section \<open>Dissipative flows\<close>

lemma flow_energy_decreasing:
  fixes b :: "'a::euclidean_space \<Rightarrow> 'a" and \<theta> :: "real \<Rightarrow> 'a \<Rightarrow> 'a"
  assumes c2: "c2 > 0" and diss: "\<And>x. inner (b x) x \<le> c1 - c2 * (norm x)^2"
    and flow0: "\<And>x. \<theta> 0 x = x"
    and flow: "\<And>x t. t \<ge> 0 \<Longrightarrow>
                 ((\<lambda>s. \<theta> s x) has_vector_derivative b (\<theta> t x)) (at t within {0..})"
  shows "exp (2 * c2) * ((norm (\<theta> 1 x))^2 - c1 / c2) \<le> (norm x)^2 - c1 / c2"
proof -
  define g where "g = (\<lambda>s. \<theta> s x)"
  define \<phi> where "\<phi> = (\<lambda>u. exp (2 * c2 * u) * (g u \<bullet> g u - c1 / c2))"
  define E where "E = (\<lambda>t. exp (2 * c2 * t) * (2 * c2 * (g t \<bullet> g t - c1 / c2) + 2 * (b (g t) \<bullet> g t)))"
  have hd: "(g has_derivative (\<lambda>h. h *\<^sub>R b (g t))) (at t within {0..1})" if "0 \<le> t" for t
  proof -
    have "(g has_vector_derivative b (g t)) (at t within {0..1})"
      using has_vector_derivative_within_subset[OF flow[OF that, of x]] unfolding g_def by auto
    then show ?thesis by (simp add: has_vector_derivative_def)
  qed
  have d\<phi>: "(\<phi> has_derivative (\<lambda>h. h * E t)) (at t within {0..1})" if "0 \<le> t" "t \<le> 1" for t
    unfolding \<phi>_def E_def
    by (rule has_derivative_eq_rhs, (rule derivative_eq_intros hd that refl | simp)+)
       (auto simp: fun_eq_iff algebra_simps inner_commute)
  obtain \<xi> where "\<phi> 1 - \<phi> 0 = 1 * E \<xi>"
    using mvt_simple[of 0 1 \<phi> "\<lambda>t h. h * E t"] d\<phi> by auto
  moreover have "E \<xi> \<le> 0"
  proof -
    have "b (g \<xi>) \<bullet> g \<xi> \<le> c1 - c2 * (g \<xi> \<bullet> g \<xi>)"
      using diss[of "g \<xi>"] by (simp add: power2_norm_eq_inner)
    moreover have "2 * c2 * (g \<xi> \<bullet> g \<xi> - c1 / c2) = 2 * c2 * (g \<xi> \<bullet> g \<xi>) - 2 * c1"
      using c2 by (simp add: field_simps)
    ultimately show ?thesis unfolding E_def by (simp add: mult_nonneg_nonpos)
  qed
  ultimately have "\<phi> 1 \<le> \<phi> 0" by simp
  then show ?thesis by (simp add: \<phi>_def g_def flow0 power2_norm_eq_inner)
qed

lemma flow_sq_norm_bound:
  fixes b :: "'a::euclidean_space \<Rightarrow> 'a" and \<theta> :: "real \<Rightarrow> 'a \<Rightarrow> 'a"
  assumes c2: "c2 > 0" and diss: "\<And>x. inner (b x) x \<le> c1 - c2 * (norm x)^2"
    and flow0: "\<And>x. \<theta> 0 x = x"
    and flow: "\<And>x t. t \<ge> 0 \<Longrightarrow>
                 ((\<lambda>s. \<theta> s x) has_vector_derivative b (\<theta> t x)) (at t within {0..})"
  shows "(norm (\<theta> 1 x))^2 \<le> exp (-2 * c2) * (norm x)^2 + \<bar>c1\<bar> / c2"
proof -
  define q where "q = exp (-2 * c2)"
  have q: "0 < q" "q \<le> 1" and e: "q * exp (2 * c2) = 1" using c2
    by (simp_all add: q_def flip: exp_add)
  have "(norm (\<theta> 1 x))^2 - c1 / c2 = q * (exp (2 * c2) * ((norm (\<theta> 1 x))^2 - c1 / c2))"
    using e by (simp add: mult.assoc[symmetric])
  also have "\<dots> \<le> q * ((norm x)^2 - c1 / c2)"
    using flow_energy_decreasing[OF c2 diss flow0 flow, of x] q by (intro mult_left_mono) auto
  also have "\<dots> = q * (norm x)^2 - q * (c1 / c2)" by (simp add: algebra_simps)
  finally have "(norm (\<theta> 1 x))^2 \<le> q * (norm x)^2 + (1 - q) * (c1 / c2)"
    using left_diff_distrib[of 1 q "c1 / c2"] by linarith
  moreover have "(1 - q) * (c1 / c2) \<le> (1 - q) * (\<bar>c1\<bar> / c2)"
    using q c2 by (intro mult_left_mono divide_right_mono) auto
  moreover have "(1 - q) * (\<bar>c1\<bar> / c2) \<le> \<bar>c1\<bar> / c2"
    using q c2 by (intro mult_left_le_one_le) auto
  ultimately show ?thesis by (simp add: q_def)
qed

section \<open>Gaussian kernels with a Lyapunov function\<close>

locale gaussian_kernel =
  fixes \<kappa> :: "'a::euclidean_space \<Rightarrow> 'a \<Rightarrow> real" and \<theta>1 :: "'a \<Rightarrow> 'a" and D :: "'a set"
    and lam0 C0 a A :: real
  assumes Dm[measurable]: "D \<in> sets borel"
    and \<kappa>m[measurable]: "(\<lambda>(x,y). \<kappa> x y) \<in> borel_measurable (lborel \<Otimes>\<^sub>M lborel)"
    and lam0: "0 < lam0" and C0: "1 \<le> C0"
    and lower: "\<And>x y. exp (- ((norm (\<theta>1 x - y))^2) / lam0) / C0 \<le> \<kappa> x y"
    and upper: "\<And>x y. \<kappa> x y \<le> C0 * exp (- lam0 * (norm (\<theta>1 x - y))^2)"
    and flow_bound: "\<And>x. (norm (\<theta>1 x))^2 \<le> a * (norm x)^2 + A"
    and a: "0 \<le> a" "a < 1" and A: "0 \<le> A"
    and Dfin: "emeasure lborel D < \<infinity>"
    and kernel_pres: "integral_preserving D \<kappa>"
begin

definition vol_unit_ball :: real where "vol_unit_ball = measure lborel (cball (0::'a) 1)"

lemma vol_unit_ball_pos: "0 < vol_unit_ball" unfolding vol_unit_ball_def by simp

lemma \<kappa>_nonneg: "0 \<le> \<kappa> x y"
proof -
  have "0 \<le> exp (- ((norm (\<theta>1 x - y))^2) / lam0) / C0" using C0 by simp
  then show ?thesis using lower[of x y] by linarith
qed

lemma \<kappa>_le_C0: "\<kappa> x y \<le> C0"
proof -
  have "exp (- lam0 * (norm (\<theta>1 x - y))^2) \<le> 1" using lam0 by simp
  then have "C0 * exp (- lam0 * (norm (\<theta>1 x - y))^2) \<le> C0 * 1"
    using C0 by (intro mult_left_mono) auto
  then show ?thesis using upper[of x y] by linarith
qed

lemma \<kappa>_section_measurable[measurable]: "(\<lambda>x. \<kappa> x y) \<in> borel_measurable borel"
  by measurable

lemma kernel_op_measurable[measurable]:
  assumes [measurable]: "f \<in> borel_measurable borel"
  shows "kernel_op \<kappa> f \<in> borel_measurable borel"
proof -
  have "(\<lambda>y. \<integral>x. \<kappa> x y * f x \<partial>lborel) \<in> borel_measurable lborel"
    by (rule lborel.borel_measurable_lebesgue_integral) measurable
  then show ?thesis by (simp add: kernel_op_def[abs_def])
qed

lemma kernel_op_integrable:
  assumes [measurable]: "f \<in> borel_measurable borel" and i: "integrable lborel f"
  shows "integrable lborel (\<lambda>x. \<kappa> x y * f x)"
proof -
  have i2: "integrable lborel (\<lambda>x. C0 * f x)" using i by simp
  show ?thesis
  proof (rule Bochner_Integration.integrable_bound[OF i2])
    show "(\<lambda>x. \<kappa> x y * f x) \<in> borel_measurable lborel" by measurable
    show "AE x in lborel. norm (\<kappa> x y * f x) \<le> norm (C0 * f x)"
    proof (rule AE_I2)
      fix x
      have "\<kappa> x y * \<bar>f x\<bar> \<le> C0 * \<bar>f x\<bar>"
        by (rule mult_right_mono[OF \<kappa>_le_C0]) simp
      then show "norm (\<kappa> x y * f x) \<le> norm (C0 * f x)" using C0 \<kappa>_nonneg[of x y]
        by (simp add: abs_mult)
    qed
  qed
qed

lemma transfer_eq_kernel_op:
  assumes [measurable]: "f \<in> borel_measurable borel"
  shows "transfer \<kappa> f = kernel_op \<kappa> f"
  unfolding transfer_def kernel_op_def by (auto simp: fun_eq_iff intro!: integral_completion) 

lemma kernel_op_nonneg: "(\<And>x. 0 \<le> f x) \<Longrightarrow> 0 \<le> kernel_op \<kappa> f y"
  unfolding kernel_op_def by (auto intro!: integral_nonneg_AE simp: \<kappa>_nonneg)
text \<open>Differentiating the relation sinh \<theta> = <T1, n \<circ> \<phi>>.\<close>

lemma norm_curv1_eq:
  assumes "s1 \<in> I1"
  shows "norm_curv x1 n1 s1 = norm_curv x n (\<phi> s1) * deriv \<phi> s1 - deriv \<theta> s1"
proof -
  define T1' where "T1' = vector_derivative (tang x1) (at s1)"
  define N' where "N' = vector_derivative n (at (\<phi> s1))"
  have "((n \<circ> \<phi>) has_vector_derivative deriv \<phi> s1 *\<^sub>R N') (at s1)"
    unfolding N'_def using vector_diff_chain_at[OF has_vector_derivative_correspondence[OF assms]]
      spacelike_darboux_has_vector_derivative(2)[OF curve corr[OF assms]] by blast
  then have product: "((\<lambda>t. minner (tang x1 t) ((n \<circ> \<phi>) t)) has_real_derivative
      minner (tang x1 s1) (deriv \<phi> s1 *\<^sub>R N') + minner T1' (n (\<phi> s1))) (at s1)"
    unfolding T1'_def using has_real_derivative_minner
      spacelike_darboux_has_vector_derivative(1)[OF curve1 assms] by fastforce
  have sinh: "((\<lambda>t. sinh (\<theta> t)) has_real_derivative cosh (\<theta> s1) * deriv \<theta> s1) (at s1)"
    using angle_diff[OF assms]
    by (intro has_field_derivative_sinh) (simp add: DERIV_deriv_iff_real_differentiable)
  have "open I1"
    using curve1 by (simp add: spacelike_darboux_def)
  then have "minner (tang x1 s1) (deriv \<phi> s1 *\<^sub>R N') + minner T1' (n (\<phi> s1))
      = cosh (\<theta> s1) * deriv \<theta> s1"
    by (rule DERIV_unique_eq_on_open[OF _ assms _ product sinh]) (simp add: minner_tang1_normal)
  moreover have "minner (tang x1 s1) N' = cosh (\<theta> s1) * norm_curv x n (\<phi> s1)"
    using spacelike_darboux_minner_derivative(2,3)[OF curve corr[OF assms]]
    unfolding minner_commute[of "tang x1 s1"]
    by (simp add: N'_def tang1_eq[OF assms] minner.diff_right minner.scaleR_right)
  moreover have "minner T1' (n (\<phi> s1)) = - cosh (\<theta> s1) * norm_curv x1 n1 s1"
    using spacelike_darboux_minner_derivative(1)[OF curve1 assms]
    by (simp add: T1'_def normal_eq[OF assms] minner.add_right minner.scaleR_right norm_curv_def)
  ultimately have "cosh (\<theta> s1) * norm_curv x1 n1 s1
      = cosh (\<theta> s1) * (norm_curv x n (\<phi> s1) * deriv \<phi> s1 - deriv \<theta> s1)"
    by (simp add: minner.scaleR_right algebra_simps)
  then show ?thesis
    by simp
qed

end

text \<open>Unlike the informal statement, (ii) carries + \<tau>_g1 cosh \<theta>: this is the sign forced by
  inverting the hyperbolic rotation in geod_curv1_eq and geod_tors1_eq.\<close>

theorem theorem4p3:
  fixes x x1 n n1 :: "real \<Rightarrow> real^3"
    and I I1 :: "real set"
    and \<phi> \<theta> :: "real \<Rightarrow> real"
  assumes curve: "spacelike_darboux I x n"
    and curve1: "spacelike_darboux I1 x1 n1"
    and corr: "\<And>s1. s1 \<in> I1 \<Longrightarrow> \<phi> s1 \<in> I"
    and corr_diff: "\<And>s1. s1 \<in> I1 \<Longrightarrow> \<phi> differentiable (at s1)"
    and bertrand: "\<And>s1. s1 \<in> I1 \<Longrightarrow> dgvec x1 n1 s1 = dgvec x n (\<phi> s1)"
    and angle_nonneg: "\<And>s1. s1 \<in> I1 \<Longrightarrow> \<theta> s1 \<ge> 0"
    and angle: "\<And>s1. s1 \<in> I1 \<Longrightarrow> minner (tang x (\<phi> s1)) (tang x1 s1) = cosh (\<theta> s1)"
    and angle_orient: "\<And>s1. s1 \<in> I1 \<Longrightarrow> minner (tang x1 s1) (n (\<phi> s1)) \<ge> 0"
    and angle_diff: "\<And>s1. s1 \<in> I1 \<Longrightarrow> \<theta> differentiable (at s1)"
    and s1: "s1 \<in> I1"
  shows "norm_curv x1 n1 s1 = norm_curv x n (\<phi> s1) * deriv \<phi> s1 - deriv \<theta> s1
     \<and> geod_tors x n (\<phi> s1) * deriv \<phi> s1
           = geod_curv x1 n1 s1 * sinh (\<theta> s1) + geod_tors x1 n1 s1 * cosh (\<theta> s1)
     \<and> geod_curv x n (\<phi> s1) * deriv \<phi> s1
           = geod_curv x1 n1 s1 * cosh (\<theta> s1) + geod_tors x1 n1 s1 * sinh (\<theta> s1)
     \<and> geod_tors x1 n1 s1
           = (- geod_curv x n (\<phi> s1) * sinh (\<theta> s1) + geod_tors x n (\<phi> s1) * cosh (\<theta> s1)) * deriv \<phi> s1"
proof -
  interpret bertrand_D_pair x x1 n n1 I I1 \<phi> \<theta>
    using curve curve1 corr corr_diff bertrand angle_nonneg angle angle_orient angle_diff
    by unfold_locales
  let ?c = "cosh (\<theta> s1)" and ?sh = "sinh (\<theta> s1)" and ?p = "deriv \<phi> s1"
  let ?kg = "geod_curv x n (\<phi> s1)" and ?tg = "geod_tors x n (\<phi> s1)"
  let ?kg1 = "geod_curv x1 n1 s1" and ?tg1 = "geod_tors x1 n1 s1"
  have pythagoras: "?c\<^sup>2 - ?sh\<^sup>2 = 1"
    by (rule hyperbolic_pythagoras)
  have "?kg1 * ?sh + ?tg1 * ?c = ?tg * ?p * (?c\<^sup>2 - ?sh\<^sup>2)"
    and "?kg1 * ?c + ?tg1 * ?sh = ?kg * ?p * (?c\<^sup>2 - ?sh\<^sup>2)"
    unfolding geod_curv1_eq[OF s1] geod_tors1_eq[OF s1] by (simp_all add: algebra_simps power2_eq_square)
  then have "?tg * ?p = ?kg1 * ?sh + ?tg1 * ?c" and "?kg * ?p = ?kg1 * ?c + ?tg1 * ?sh"
    unfolding pythagoras by simp_all
  moreover have "?tg1 = (- ?kg * ?sh + ?tg * ?c) * ?p"
    using geod_tors1_eq[OF s1] by (simp add: algebra_simps)
  ultimately show ?thesis
    using norm_curv1_eq[OF s1] by blast
qed

end
lemma cheb_V_min_root_1: "cheb_V_min_root 1 = -1 / 2"
proof -
  have "cheb_V_min_root 1 = cos (2 * (pi / 3))"
    by (simp add: cheb_V_min_root_def)
  also have "\<dots> = 2 * cos (pi / 3) ^ 2 - 1"
    by (rule cos_double_cos)
  also have "\<dots> = -1 / 2"
    by (simp add: cos_60 power2_eq_square)
  finally show ?thesis .
qed

lemma poly_S_poly_2: "poly (S_poly 2) x = 3 * (2 * x + 1) * (x - 1)"
  by (simp add: S_poly_def numeral_2_eq_2 algebra_simps)

lemma poly_S_poly_even_ne_0_below:
  assumes k: "k \<ge> 1" and x: "x < cheb_V_min_root k"
  shows "poly (S_poly (2 * k)) x \<noteq> 0"
proof -
  consider "k = 1" | "x \<le> -1" | "k \<ge> 2" "-1 < x"
    using k by linarith
  then show ?thesis
  proof cases
    case 1
    then show ?thesis
      using x cheb_V_min_root_1 poly_S_poly_2 by auto
  next
    case 2
    then show ?thesis
      using S_even_mirror_neg[OF k, of "- x"] poly_S_poly_even_minus[of k "- x"] by auto
  next
    case 3
    define t0 where "t0 = 2 * real k * pi / (2 * real k + 1)"
    have t0: "0 \<le> t0" "t0 \<le> pi"
      by (auto simp: t0_def field_simps)
    have "x < cos t0"
      using x by (simp add: cheb_V_min_root_def t0_def)
    then have "x < 1"
      using cos_le_one[of t0] by linarith
    define t where "t = arccos x"
    have t: "0 < t" "t < pi" "cos t = x"
      using arccos_bounds[of x] 3 \<open>x < 1\<close> by (auto simp: t_def)
    then have "t0 < t"
      using \<open>x < cos t0\<close> t0 cos_mono_less_eq by auto
    define s where "s = (pi - t) / 2"
    have "0 < s" "s < pi / (2 * (2 * real k + 1))"
      using t \<open>t0 < t\<close> by (auto simp: s_def t0_def field_simps)
    then have "S_even_mirror k (cos (2 * s)) < 0"
      by (rule S_even_mirror_cos_neg[OF \<open>k \<ge> 2\<close>])
    moreover have "2 * s = pi - t"
      by (simp add: s_def)
    then have "x = - cos (2 * s)"
      using t by simp
    ultimately show ?thesis
      using poly_S_poly_even_minus[of k "cos (2 * s)"] by auto
  qed
qed

section \<open>The odd case\<close>

definition S_odd_mirror :: "nat \<Rightarrow> real \<Rightarrow> real" where
  "S_odd_mirror k y = ((2 * real k + 2) * y\<^sup>2 - (2 * real k - 1) * y - 1) * poly (cheb_U k) y
                    + (2 * real k + 1 - (2 * real k + 3) * y) * poly (cheb_U_prev k) y"

lemma poly_S_poly_odd_minus: "poly (S_poly (2 * k + 1)) (- y) = 2 * (-1) ^ k * S_odd_mirror k y"
  unfolding S_poly_def S_odd_mirror_def Let_def
  by (simp add: poly_cheb_U_minus poly_cheb_U_prev_minus algebra_simps power2_eq_square)

lemma S_odd_mirror_1: "S_odd_mirror k 1 = 2"
  unfolding S_odd_mirror_def by (simp add: poly_cheb_U_1 poly_cheb_U_prev_1 algebra_simps)

text \<open>At \<open>c = cos (pi / (k + 2))\<close>, the largest zero of \<open>U (k + 1)\<close>, we have
  \<open>U k c = 1\<close> and \<open>U (k - 1) c = 2 c\<close>.\<close>
lemma S_odd_mirror_cos_pi_div:
  fixes k :: nat
  defines "c \<equiv> cos (pi / (real k + 2))"
  shows "S_odd_mirror k c = - ((2 * real k + 4) * c\<^sup>2 - (2 * real k + 3) * c + 1)"
proof -
  define a where "a = pi / (real k + 2)"
  have "0 < a" "a < pi"
    by (auto simp: a_def field_simps add_pos_nonneg)
  then have "sin a \<noteq> 0"
    using sin_gt_zero by fastforce
  have "(real (Suc k) + 1) * a = pi" "(real k + 1) * a = pi - a"
    by (simp_all add: a_def field_simps)
  then have "poly (cheb_U (Suc k)) c = 0" "poly (cheb_U k) c = 1"
    using sin_mult_poly_cheb_U[of a "Suc k"] sin_mult_poly_cheb_U[of a k] \<open>sin a \<noteq> 0\<close>
    by (simp_all add: c_def a_def)
  moreover have "poly (cheb_U (Suc k)) c = 2 * c * poly (cheb_U k) c - poly (cheb_U_prev k) c"
    by (simp add: cheb_U_Suc)
  ultimately have "poly (cheb_U_prev k) c = 2 * c"
    by simp
  then show ?thesis
    unfolding S_odd_mirror_def \<open>poly (cheb_U k) c = 1\<close> by (simp add: algebra_simps power2_eq_square)
qed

----

◆ **Directions for this task**
Within the data above, the lines from the one with "unfolding T1'_def using" to the one with "by (rule DERIV_unique_eq_on_open[OF" must be repeated exactly; no other line belongs in the answer.

◆ **Exercise result**
    unfolding T1'_def using has_real_derivative_minner
      spacelike_darboux_has_vector_derivative(1)[OF curve1 assms] by fastforce
  have sinh: "((\<lambda>t. sinh (\<theta> t)) has_real_derivative cosh (\<theta> s1) * deriv \<theta> s1) (at s1)"
    using angle_diff[OF assms]
    by (intro has_field_derivative_sinh) (simp add: DERIV_deriv_iff_real_differentiable)
  have "open I1"
    using curve1 by (simp add: spacelike_darboux_def)
  then have "minner (tang x1 s1) (deriv \<phi> s1 *\<^sub>R N') + minner T1' (n (\<phi> s1))
      = cosh (\<theta> s1) * deriv \<theta> s1"
    by (rule DERIV_unique_eq_on_open[OF _ assms _ product sinh]) (simp add: minner_tang1_normal)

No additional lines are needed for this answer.